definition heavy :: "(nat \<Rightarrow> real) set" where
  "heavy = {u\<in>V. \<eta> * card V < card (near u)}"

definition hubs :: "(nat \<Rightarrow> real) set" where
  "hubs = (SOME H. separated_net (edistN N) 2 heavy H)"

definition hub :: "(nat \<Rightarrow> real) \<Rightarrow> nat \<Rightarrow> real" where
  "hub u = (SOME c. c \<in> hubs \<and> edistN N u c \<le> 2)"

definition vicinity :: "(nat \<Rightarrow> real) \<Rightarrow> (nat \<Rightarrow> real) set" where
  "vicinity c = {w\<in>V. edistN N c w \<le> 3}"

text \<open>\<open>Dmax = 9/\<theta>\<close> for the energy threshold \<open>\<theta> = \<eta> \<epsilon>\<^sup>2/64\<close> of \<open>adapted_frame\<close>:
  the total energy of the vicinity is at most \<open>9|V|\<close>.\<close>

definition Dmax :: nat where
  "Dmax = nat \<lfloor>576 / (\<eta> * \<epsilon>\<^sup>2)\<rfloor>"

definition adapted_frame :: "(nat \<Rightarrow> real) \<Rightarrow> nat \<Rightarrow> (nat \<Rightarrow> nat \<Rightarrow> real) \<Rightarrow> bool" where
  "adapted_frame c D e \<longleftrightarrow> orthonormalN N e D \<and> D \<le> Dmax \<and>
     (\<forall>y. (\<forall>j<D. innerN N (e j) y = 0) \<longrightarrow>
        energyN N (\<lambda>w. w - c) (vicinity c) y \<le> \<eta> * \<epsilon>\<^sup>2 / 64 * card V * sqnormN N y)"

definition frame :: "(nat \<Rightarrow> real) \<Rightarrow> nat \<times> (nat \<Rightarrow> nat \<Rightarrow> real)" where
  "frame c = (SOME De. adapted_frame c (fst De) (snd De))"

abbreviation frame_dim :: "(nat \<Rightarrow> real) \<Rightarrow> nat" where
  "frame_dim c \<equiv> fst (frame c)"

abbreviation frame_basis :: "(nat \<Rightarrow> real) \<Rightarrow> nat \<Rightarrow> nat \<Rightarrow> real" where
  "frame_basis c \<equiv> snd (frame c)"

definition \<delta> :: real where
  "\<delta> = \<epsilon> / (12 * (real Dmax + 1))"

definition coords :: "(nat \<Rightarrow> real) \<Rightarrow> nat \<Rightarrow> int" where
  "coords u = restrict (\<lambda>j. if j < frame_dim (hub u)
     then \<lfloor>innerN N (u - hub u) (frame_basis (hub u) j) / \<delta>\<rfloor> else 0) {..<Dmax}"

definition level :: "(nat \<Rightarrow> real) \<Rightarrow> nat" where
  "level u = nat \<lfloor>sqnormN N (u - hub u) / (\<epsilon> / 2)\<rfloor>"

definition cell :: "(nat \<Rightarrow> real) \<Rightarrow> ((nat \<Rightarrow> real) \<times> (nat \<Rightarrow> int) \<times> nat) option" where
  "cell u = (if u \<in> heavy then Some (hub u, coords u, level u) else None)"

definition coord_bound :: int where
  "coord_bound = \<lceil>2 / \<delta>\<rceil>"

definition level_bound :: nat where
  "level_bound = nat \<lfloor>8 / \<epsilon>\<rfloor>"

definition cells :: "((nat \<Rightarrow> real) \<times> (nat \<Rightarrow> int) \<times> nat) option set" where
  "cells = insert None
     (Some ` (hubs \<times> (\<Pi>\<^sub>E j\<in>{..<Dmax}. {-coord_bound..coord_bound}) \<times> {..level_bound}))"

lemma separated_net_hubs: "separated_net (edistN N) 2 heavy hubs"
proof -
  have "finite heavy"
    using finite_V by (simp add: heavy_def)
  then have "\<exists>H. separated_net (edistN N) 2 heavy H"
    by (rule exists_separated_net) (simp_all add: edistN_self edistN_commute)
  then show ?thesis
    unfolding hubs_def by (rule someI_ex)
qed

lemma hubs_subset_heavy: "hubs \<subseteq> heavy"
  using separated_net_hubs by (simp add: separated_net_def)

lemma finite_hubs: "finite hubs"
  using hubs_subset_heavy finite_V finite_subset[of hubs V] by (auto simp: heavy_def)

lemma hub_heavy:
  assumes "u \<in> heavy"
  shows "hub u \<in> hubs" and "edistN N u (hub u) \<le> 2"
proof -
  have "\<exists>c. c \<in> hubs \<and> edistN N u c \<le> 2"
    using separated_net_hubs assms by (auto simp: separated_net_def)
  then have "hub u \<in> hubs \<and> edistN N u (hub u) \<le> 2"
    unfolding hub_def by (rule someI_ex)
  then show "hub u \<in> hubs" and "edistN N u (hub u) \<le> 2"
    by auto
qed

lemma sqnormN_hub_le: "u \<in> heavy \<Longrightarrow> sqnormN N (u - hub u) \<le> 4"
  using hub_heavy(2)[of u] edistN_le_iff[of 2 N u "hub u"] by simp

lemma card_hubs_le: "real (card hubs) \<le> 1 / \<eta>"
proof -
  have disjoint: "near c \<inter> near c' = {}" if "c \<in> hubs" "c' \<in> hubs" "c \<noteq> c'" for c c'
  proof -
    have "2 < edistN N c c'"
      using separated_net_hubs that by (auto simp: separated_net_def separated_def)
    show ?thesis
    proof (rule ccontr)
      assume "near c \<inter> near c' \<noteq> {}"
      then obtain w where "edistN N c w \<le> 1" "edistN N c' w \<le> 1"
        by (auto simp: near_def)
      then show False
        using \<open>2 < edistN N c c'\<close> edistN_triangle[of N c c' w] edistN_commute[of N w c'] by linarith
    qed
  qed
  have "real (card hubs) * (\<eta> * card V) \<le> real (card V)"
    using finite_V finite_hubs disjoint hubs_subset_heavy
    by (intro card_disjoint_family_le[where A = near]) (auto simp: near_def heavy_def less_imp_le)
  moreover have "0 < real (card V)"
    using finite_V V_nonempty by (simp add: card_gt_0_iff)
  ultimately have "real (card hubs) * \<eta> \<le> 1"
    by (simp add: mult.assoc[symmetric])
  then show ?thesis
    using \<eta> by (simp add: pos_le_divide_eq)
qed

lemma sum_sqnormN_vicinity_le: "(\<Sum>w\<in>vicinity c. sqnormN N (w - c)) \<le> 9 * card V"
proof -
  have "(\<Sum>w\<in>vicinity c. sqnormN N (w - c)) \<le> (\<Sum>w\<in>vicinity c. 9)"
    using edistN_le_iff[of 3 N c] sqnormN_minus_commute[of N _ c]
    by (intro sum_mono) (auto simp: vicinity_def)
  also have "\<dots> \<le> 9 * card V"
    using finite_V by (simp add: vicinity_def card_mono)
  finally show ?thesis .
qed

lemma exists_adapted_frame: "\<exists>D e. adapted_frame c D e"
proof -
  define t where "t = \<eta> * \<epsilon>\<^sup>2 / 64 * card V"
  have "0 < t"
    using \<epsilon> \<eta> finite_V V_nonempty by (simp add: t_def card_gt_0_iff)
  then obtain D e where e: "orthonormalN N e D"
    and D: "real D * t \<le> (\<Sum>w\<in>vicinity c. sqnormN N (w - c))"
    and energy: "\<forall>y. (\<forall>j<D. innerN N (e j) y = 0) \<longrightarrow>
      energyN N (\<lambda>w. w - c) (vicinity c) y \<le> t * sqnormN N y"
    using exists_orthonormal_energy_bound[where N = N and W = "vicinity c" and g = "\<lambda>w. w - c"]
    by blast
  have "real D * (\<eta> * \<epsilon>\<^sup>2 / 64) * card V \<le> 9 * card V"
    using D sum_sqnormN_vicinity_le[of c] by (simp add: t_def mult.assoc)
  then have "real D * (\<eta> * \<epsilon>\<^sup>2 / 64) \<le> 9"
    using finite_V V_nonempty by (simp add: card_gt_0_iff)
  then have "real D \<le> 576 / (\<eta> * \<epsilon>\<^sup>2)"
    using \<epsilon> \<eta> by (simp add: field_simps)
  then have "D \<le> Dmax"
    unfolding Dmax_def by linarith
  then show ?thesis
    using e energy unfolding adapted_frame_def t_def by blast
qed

**********

Please restate only the opening stretch of the records above: every line from the first through the one containing "c \<equiv> fst", exactly as written.

definition heavy :: "(nat \<Rightarrow> real) set" where
  "heavy = {u\<in>V. \<eta> * card V < card (near u)}"

definition hubs :: "(nat \<Rightarrow> real) set" where
  "hubs = (SOME H. separated_net (edistN N) 2 heavy H)"

definition hub :: "(nat \<Rightarrow> real) \<Rightarrow> nat \<Rightarrow> real" where
  "hub u = (SOME c. c \<in> hubs \<and> edistN N u c \<le> 2)"

definition vicinity :: "(nat \<Rightarrow> real) \<Rightarrow> (nat \<Rightarrow> real) set" where
  "vicinity c = {w\<in>V. edistN N c w \<le> 3}"

text \<open>\<open>Dmax = 9/\<theta>\<close> for the energy threshold \<open>\<theta> = \<eta> \<epsilon>\<^sup>2/64\<close> of \<open>adapted_frame\<close>:
  the total energy of the vicinity is at most \<open>9|V|\<close>.\<close>

definition Dmax :: nat where
  "Dmax = nat \<lfloor>576 / (\<eta> * \<epsilon>\<^sup>2)\<rfloor>"

definition adapted_frame :: "(nat \<Rightarrow> real) \<Rightarrow> nat \<Rightarrow> (nat \<Rightarrow> nat \<Rightarrow> real) \<Rightarrow> bool" where
  "adapted_frame c D e \<longleftrightarrow> orthonormalN N e D \<and> D \<le> Dmax \<and>
     (\<forall>y. (\<forall>j<D. innerN N (e j) y = 0) \<longrightarrow>
        energyN N (\<lambda>w. w - c) (vicinity c) y \<le> \<eta> * \<epsilon>\<^sup>2 / 64 * card V * sqnormN N y)"

definition frame :: "(nat \<Rightarrow> real) \<Rightarrow> nat \<times> (nat \<Rightarrow> nat \<Rightarrow> real)" where
  "frame c = (SOME De. adapted_frame c (fst De) (snd De))"

abbreviation frame_dim :: "(nat \<Rightarrow> real) \<Rightarrow> nat" where
  "frame_dim c \<equiv> fst (frame c)"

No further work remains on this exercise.